* [Assigned task]
All that should come back is the lines of the data below from the one containing "q = (\<lambda>m" to the one containing "y = (\<lambda>m", inclusive, exactly as they stand.

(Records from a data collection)

(* Let $F$ be the $\mathbb{C}$-linear anti-automorphism of $\mathcal{A}_0$ determined by $F(xy)=F(y)F(x)$, $F(a)=a$, $F(b)=-b$, $F(1)=1$. Then $F$ extends to a continuous anti-automorphism $F_{conv}$ of $\tilde{\mathcal{A}}_{conv.}$ given by $F_{conv}(a^pb^q)=(-1)^qb^qa^p$.
   Context: $\mathcal{A}_0$ is the $\mathbb{C}$-algebra of polynomials in $a,b$ subject to $ab-ba=b^2$. $\tilde{\mathcal{A}}_{conv.}$ is the algebra of formal series $\sum\gamma_{p,q}a^pb^q$ (product extending that of $\mathcal{A}_0$) such that $|\gamma_{p,q}|\le C_RR^{p+q}q!$ for some $R>1$, $C_R>0$; it can equivalently be described as the series $\sum\delta_{p,q}b^qa^p$ with $|\delta_{p,q}|\le D_RR^{p+q}q!$. It carries its natural inductive limit topology defined by these bounds. *)

theory Defs
  imports "HOL-Analysis.Analysis"
begin

text \<open>A formal series \<open>\<Sum> \<gamma>_{p,q} a^p b^q\<close> is represented by its coefficient
  function \<open>\<gamma> p q\<close> (coefficient of the normally ordered monomial \<open>a^p b^q\<close>).\<close>

type_synonym ser = "nat \<Rightarrow> nat \<Rightarrow> complex"

definition mon :: "nat \<Rightarrow> nat \<Rightarrow> ser" where
  "mon p q = (\<lambda>m n. if m = p \<and> n = q then 1 else 0)"

definition ser_add :: "ser \<Rightarrow> ser \<Rightarrow> ser" where
  "ser_add x y = (\<lambda>p q. x p q + y p q)"

definition ser_scale :: "complex \<Rightarrow> ser \<Rightarrow> ser" where
  "ser_scale c x = (\<lambda>p q. c * x p q)"

text \<open>Normal form of \<open>a^p b^q \<cdot> a^r b^s\<close> in \<open>\<A>_0\<close> (relation \<open>ab - ba = b^2\<close>),
  using \<open>b^q a = a b^q - q b^(q+1)\<close>.\<close>

fun mm :: "nat \<Rightarrow> nat \<Rightarrow> nat \<Rightarrow> nat \<Rightarrow> ser" where
  "mm p q 0 s = mon p (q + s)"
| "mm p q (Suc r) s = (\<lambda>m n. mm (Suc p) q r s m n - of_nat q * mm p (Suc q) r s m n)"

text \<open>Product of formal series extending the product of \<open>\<A>_0\<close>
  (coefficientwise the sum is finite, by homogeneity).\<close>

definition ser_mult :: "ser \<Rightarrow> ser \<Rightarrow> ser" where
  "ser_mult x y = (\<lambda>m n. infsum (\<lambda>(p, q, r, s). x p q * y r s * mm p q r s m n) UNIV)"

definition conv :: "ser set" where
  "conv = {\<gamma>. \<exists>R::real. R > 1 \<and> (\<exists>C::real. \<forall>p q. cmod (\<gamma> p q) \<le> C * R ^ (p + q) * fact q)}"

text \<open>Closed \<open>\<epsilon>\<close>-ball of the Banach step \<open>B_R\<close> (norm \<open>sup |\<gamma>_{p,q}|/(R^{p+q} q!)\<close>).\<close>

definition step_ball :: "real \<Rightarrow> real \<Rightarrow> ser set" where
  "step_ball R \<epsilon> = {\<gamma>. \<forall>p q. cmod (\<gamma> p q) \<le> \<epsilon> * R ^ (p + q) * fact q}"

definition abs_convex :: "ser set \<Rightarrow> bool" where
  "abs_convex W \<longleftrightarrow> (\<forall>x\<in>W. \<forall>y\<in>W. \<forall>s t::complex. cmod s + cmod t \<le> 1 \<longrightarrow>
      ser_add (ser_scale s x) (ser_scale t y) \<in> W)"

text \<open>Zero neighbourhoods of the locally convex inductive limit topology:
  sets containing an absolutely convex set that contains a ball of every step \<open>B_R\<close>.\<close>

definition conv_nhd0 :: "ser set \<Rightarrow> bool" where
  "conv_nhd0 U \<longleftrightarrow> (\<exists>W. W \<subseteq> U \<and> W \<subseteq> conv \<and> abs_convex W \<and>
      (\<forall>R>1. \<exists>\<epsilon>>0. step_ball R \<epsilon> \<subseteq> W))"

definition conv_open :: "ser set \<Rightarrow> bool" where
  "conv_open S \<longleftrightarrow> S \<subseteq> conv \<and> (\<forall>x\<in>S. \<exists>N. conv_nhd0 N \<and> (\<forall>n\<in>N. ser_add x n \<in> S))"

definition conv_topology :: "ser topology" where
  "conv_topology = topology conv_open"

definition F_conv :: "ser \<Rightarrow> ser" where
  "F_conv \<gamma> = (\<lambda>m n. infsum (\<lambda>(p, q). (-1) ^ q * \<gamma> p q * ser_mult (mon 0 q) (mon p 0) m n) UNIV)"

end

theory Submission
  imports Defs
begin

(* Everything is graded by total degree: the coefficient of a^m b^n in a product or in F_conv
   only involves coefficients of degree m + n, so all series operations are finite sums.

   The algebraic identities are tested against a separating family of functionals.  For every
   z the rule a e_k = (z + k) e_(k+1), b e_k = e_(k+1) is a representation of A_0 on the span
   of e_0, e_1, ..., since (ab - ba) e_k = e_(k+2) = b^2 e_k.  The e_d-coefficient of w e_0 is
   a finite sum of rising factorials in z; letting z run through suitable integers recovers
   every coefficient of w.  Both F_conv (F_conv w) and w, and F_conv (x y) and
   F_conv y * F_conv x, have the same coefficients in these representations.

   Analytically, the normal ordering of b^q a^p has coefficients bounded by 2^p n!/q!, which
   turns the bound C R^(p+q) q! into C (4R)^(p+q) q!.  So F_conv maps every Banach step B_R
   boundedly into B_4R, hence conv into itself continuously. *)

section \<open>Homogeneous components\<close>

definition antidiag :: "nat \<Rightarrow> (nat \<times> nat) set" where
  "antidiag d = {(p, q). p + q = d}"

definition antidiag4 :: "nat \<Rightarrow> (nat \<times> nat \<times> nat \<times> nat) set" where
  "antidiag4 d = {(p, q, r, s). p + q + r + s = d}"

lemma finite_antidiag [simp]: "finite (antidiag d)"
  by (rule finite_subset[of _ "{..d} \<times> {..d}"]) (auto simp: antidiag_def)

lemma finite_antidiag4 [simp]: "finite (antidiag4 d)"
  by (rule finite_subset[of _ "{..d} \<times> {..d} \<times> {..d} \<times> {..d}"]) (auto simp: antidiag4_def)

lemma card_antidiag: "card (antidiag d) = Suc d"
proof -
  have "antidiag d = (\<lambda>k. (k, d - k)) ` {..d}"
    by (auto simp: antidiag_def image_iff)
  moreover have "inj_on (\<lambda>k. (k, d - k)) {..d}"
    by (rule inj_onI) simp
  ultimately show ?thesis
    by (simp add: card_image)
qed

lemma sum_antidiag4_by_degree:
  fixes f :: "nat \<Rightarrow> nat \<Rightarrow> nat \<Rightarrow> 'a::comm_semiring_1" and g :: "nat \<Rightarrow> nat \<Rightarrow> 'a"
  shows "(\<Sum>(p, q, r, s)\<in>antidiag4 d. f p q (r + s) * g r s)
    = (\<Sum>e\<le>d. (\<Sum>(p, q)\<in>antidiag (d - e). f p q e) * (\<Sum>(r, s)\<in>antidiag e. g r s))"
proof -
  have "(\<Sum>(p, q, r, s)\<in>antidiag4 d. f p q (r + s) * g r s)
      = (\<Sum>(e, x)\<in>Sigma {..d} (\<lambda>e. antidiag (d - e) \<times> antidiag e).
           (case fst x of (p, q) \<Rightarrow> f p q e) * (case snd x of (r, s) \<Rightarrow> g r s))"
    by (rule sum.reindex_bij_witness[where j = "\<lambda>(p, q, r, s). (r + s, (p, q), (r, s))"
          and i = "\<lambda>(e, (p, q), (r, s)). (p, q, r, s)"]) (auto simp: antidiag4_def antidiag_def)
  also have "\<dots> = (\<Sum>e\<le>d. \<Sum>x\<in>antidiag (d - e) \<times> antidiag e.
      (case fst x of (p, q) \<Rightarrow> f p q e) * (case snd x of (r, s) \<Rightarrow> g r s))"
    by (subst sum.Sigma) auto
  also have "\<dots> = (\<Sum>e\<le>d. (\<Sum>(p, q)\<in>antidiag (d - e). f p q e) * (\<Sum>(r, s)\<in>antidiag e. g r s))"
    by (simp add: sum_product sum.cartesian_product' case_prod_unfold)
  finally show ?thesis .
qed

lemma mm_eq_0_off_degree: "m + n \<noteq> p + q + r + s \<Longrightarrow> mm p q r s m n = 0"
  by (induction r arbitrary: p q) (simp_all add: mon_def)

lemma ser_mult_eq_sum:
  "ser_mult x y m n = (\<Sum>(p, q, r, s)\<in>antidiag4 (m + n). x p q * y r s * mm p q r s m n)"
proof -
  have "ser_mult x y m n
      = infsum (\<lambda>(p, q, r, s). x p q * y r s * mm p q r s m n) (antidiag4 (m + n))"
    unfolding ser_mult_def
    by (rule infsum_cong_neutral) (auto simp: antidiag4_def mm_eq_0_off_degree)
  then show ?thesis by simp
qed

lemma ser_mult_mon_mon: "ser_mult (mon p q) (mon r s) = mm p q r s"
proof (intro ext)
  fix m n
  have "ser_mult (mon p q) (mon r s) m n
      = (\<Sum>x\<in>antidiag4 (m + n). if x = (p, q, r, s) then mm p q r s m n else 0)"
    unfolding ser_mult_eq_sum by (intro sum.cong refl) (auto simp: mon_def split: if_splits)
  also have "\<dots> = mm p q r s m n"
    by (subst sum.delta[OF finite_antidiag4]) (simp add: antidiag4_def mm_eq_0_off_degree)
  finally show "ser_mult (mon p q) (mon r s) m n = mm p q r s m n" .
qed

lemma F_conv_eq_sum:
  "F_conv w m n = (\<Sum>(p, q)\<in>antidiag (m + n). (-1) ^ q * w p q * mm 0 q p 0 m n)"
proof -
  have "F_conv w m n = infsum (\<lambda>(p, q). (-1) ^ q * w p q * mm 0 q p 0 m n) (antidiag (m + n))"
    unfolding F_conv_def ser_mult_mon_mon
    by (rule infsum_cong_neutral) (auto simp: antidiag_def mm_eq_0_off_degree)
  then show ?thesis by simp
qed

lemma F_conv_mon: "F_conv (mon p q) = ser_scale ((-1) ^ q) (ser_mult (mon 0 q) (mon p 0))"
proof (intro ext)
  fix m n
  have "F_conv (mon p q) m n
      = (\<Sum>x\<in>antidiag (m + n). if x = (p, q) then (-1) ^ q * mm 0 q p 0 m n else 0)"
    unfolding F_conv_eq_sum by (intro sum.cong refl) (auto simp: mon_def split: if_splits)
  also have "\<dots> = (-1) ^ q * mm 0 q p 0 m n"
    by (subst sum.delta[OF finite_antidiag]) (simp add: antidiag_def mm_eq_0_off_degree)
  finally show "F_conv (mon p q) m n = ser_scale ((-1) ^ q) (ser_mult (mon 0 q) (mon p 0)) m n"
    by (simp add: ser_scale_def ser_mult_mon_mon)
qed

lemma F_conv_ser_add: "F_conv (ser_add x y) = ser_add (F_conv x) (F_conv y)"
  by (intro ext) (simp add: F_conv_eq_sum ser_add_def case_prod_unfold algebra_simps sum.distrib)

lemma F_conv_ser_scale: "F_conv (ser_scale c x) = ser_scale c (F_conv x)"
  by (intro ext) (simp add: F_conv_eq_sum ser_scale_def case_prod_unfold algebra_simps sum_distrib_left)
lemma card_le_matching_number: "matching W M \<Longrightarrow> card M \<le> matching_number W"
proof -
  have "finite {M. matching W M}"
    using finite_E by (auto simp: matching_def intro: finite_subset[of _ "Pow E"])
  then show "matching W M \<Longrightarrow> card M \<le> matching_number W"
    by (auto simp: matching_number_def)
qed

lemma maximum_matching_exists: "\<exists>M. maximum_matching W M"
proof -
  have "finite {M. matching W M}" "matching W {}"
    using finite_E by (auto simp: matching_def intro: finite_subset[of _ "Pow E"])
  then have "matching_number W \<in> card ` {M. matching W M}"
    unfolding matching_number_def by (intro Max_in) auto
  then show ?thesis
    by (auto simp: maximum_matching_def)
qed

lemma matching_subset: "matching W M \<Longrightarrow> M' \<subseteq> M \<Longrightarrow> matching W M'"
  by (auto simp: matching_def pairwise_subset)

lemma matching_edge_unique:
  "matching W M \<Longrightarrow> e \<in> M \<Longrightarrow> f \<in> M \<Longrightarrow> x \<in> e \<Longrightarrow> x \<in> f \<Longrightarrow> e = f"
  unfolding matching_def disjoint_def by blast

lemma card_Union_matching:
  assumes "matching W M"
  shows "card (\<Union>M) = 2 * card M"
proof -
  have "card (\<Union>M) = (\<Sum>e\<in>M. card e)"
    using assms finite_edge by (intro card_Union_disjoint) (auto simp: matching_def)
  also have "\<dots> = (\<Sum>e\<in>M. 2)"
    using assms card_edge by (intro sum.cong) (auto simp: matching_def)
  finally show ?thesis
    by simp
qed

lemma finite_Union_matching: "matching W M \<Longrightarrow> finite (\<Union>M)"
  by (rule finite_Union[OF finite_matching]) (auto simp: matching_def intro: finite_edge)

lemma matching_insert:
  assumes "matching W M" "e \<in> E" "e \<subseteq> W" "e \<inter> \<Union>M = {}"
  shows "matching W (insert e M)"
  using assms by (auto simp: matching_def pairwise_insert disjnt_def)

lemma maximum_matching_meets_edge:
  assumes M: "maximum_matching W M" and e: "e \<in> E" "e \<subseteq> W"
  shows "e \<inter> \<Union>M \<noteq> {}"
proof
  assume free: "e \<inter> \<Union>M = {}"
  then have augmented: "matching W (insert e M)"
    using M e matching_insert by (simp add: maximum_matching_def)
  have "e \<noteq> {}"
    using card_edge[OF e(1)] by auto
  then have "e \<notin> M"
    using free by blast
  then have "Suc (card M) \<le> matching_number W"
    using card_le_matching_number[OF augmented] finite_matching[OF augmented] by simp
  then show False
    using M by (simp add: maximum_matching_def)
qed

lemma matching_swap:
  assumes N: "matching W N" and f: "f \<in> N" and e: "e \<in> E" "e \<subseteq> W" "e \<notin> N"
    and free: "e \<inter> \<Union>(N - {f}) = {}"
  shows "matching W (insert e (N - {f}))" "card (insert e (N - {f})) = card N"
proof -
  have "matching W (N - {f})"
    using N by (rule matching_subset) blast
  then show "matching W (insert e (N - {f}))"
    using e free by (intro matching_insert)
  show "card (insert e (N - {f})) = card N"
    using e(3) finite_matching[OF N] card.remove[OF finite_matching[OF N] f] by simp
qed

lemma maximum_matching_exchange:
  assumes M: "maximum_matching W M" and N: "maximum_matching W N"
    and x: "x \<in> \<Union>M" "x \<notin> \<Union>N"
  obtains N' y where "maximum_matching W N'" "\<Union>N' = insert x (\<Union>N - {y})"
    "card (N' - M) < card (N - M)"
proof -
  have mM: "matching W M" and mN: "matching W N"
    using M N by (auto simp: maximum_matching_def)
  obtain e where e: "e \<in> M" "x \<in> e"
    using x by blast
  have eE: "e \<in> E" "e \<subseteq> W"
    using e mM by (auto simp: matching_def)
  obtain x' where e_eq: "x' \<noteq> x" "e = {x, x'}"
    using edge_atE[OF eE(1) e(2)] .
  have "x' \<in> \<Union>N"
    using maximum_matching_meets_edge[OF N eE] x(2) e_eq(2) by auto
  then obtain f where f: "f \<in> N" "x' \<in> f"
    by blast
  obtain y where f_eq: "y \<noteq> x'" "f = {x', y}"
    using edge_atE[OF _ f(2)] f(1) mN by (auto simp: matching_def)
  define N' where "N' = insert e (N - {f})"
  have e_notin: "e \<notin> N"
    using e(2) x(2) by blast
  have "e \<inter> \<Union>(N - {f}) = {}"
    using x(2) e_eq(2) matching_edge_unique[OF mN _ f(1) _ f(2)] by blast
  then have "maximum_matching W N'"
    using matching_swap[OF mN f(1) eE e_notin] N by (simp add: N'_def maximum_matching_def)
  moreover have "\<Union>N' = insert x (\<Union>N - {y})"
  proof -
    have "\<Union>(N - {f}) = \<Union>N - f"
      using f(1) matching_edge_unique[OF mN _ f(1)] by blast
    then show ?thesis
      using e_eq f_eq \<open>x' \<in> \<Union>N\<close> by (auto simp: N'_def)
  qed
  moreover have "card (N' - M) < card (N - M)"
  proof -
    have "f \<notin> M"
      using matching_edge_unique[OF mM e(1) _ _ f(2)] e_eq(2) e_notin f(1) by auto
    then have "card ((N - M) - {f}) < card (N - M)"
      using f(1) finite_matching[OF mN] by (intro card_Diff1_less) auto
    moreover have "N' - M = (N - M) - {f}"
      using e(1) by (auto simp: N'_def)
    ultimately show ?thesis
      by simp
  qed
  ultimately show ?thesis
    using that by blast
qed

* [Finished exercise]
  "mon p q = (\<lambda>m n. if m = p \<and> n = q then 1 else 0)"

definition ser_add :: "ser \<Rightarrow> ser \<Rightarrow> ser" where
  "ser_add x y = (\<lambda>p q. x p q + y p q)"

definition ser_scale :: "complex \<Rightarrow> ser \<Rightarrow> ser" where
  "ser_scale c x = (\<lambda>p q. c * x p q)"

text \<open>Normal form of \<open>a^p b^q \<cdot> a^r b^s\<close> in \<open>\<A>_0\<close> (relation \<open>ab - ba = b^2\<close>),
  using \<open>b^q a = a b^q - q b^(q+1)\<close>.\<close>

fun mm :: "nat \<Rightarrow> nat \<Rightarrow> nat \<Rightarrow> nat \<Rightarrow> ser" where
  "mm p q 0 s = mon p (q + s)"
| "mm p q (Suc r) s = (\<lambda>m n. mm (Suc p) q r s m n - of_nat q * mm p (Suc q) r s m n)"

text \<open>Product of formal series extending the product of \<open>\<A>_0\<close>
  (coefficientwise the sum is finite, by homogeneity).\<close>

definition ser_mult :: "ser \<Rightarrow> ser \<Rightarrow> ser" where
  "ser_mult x y = (\<lambda>m n. infsum (\<lambda>(p, q, r, s). x p q * y r s * mm p q r s m n) UNIV)"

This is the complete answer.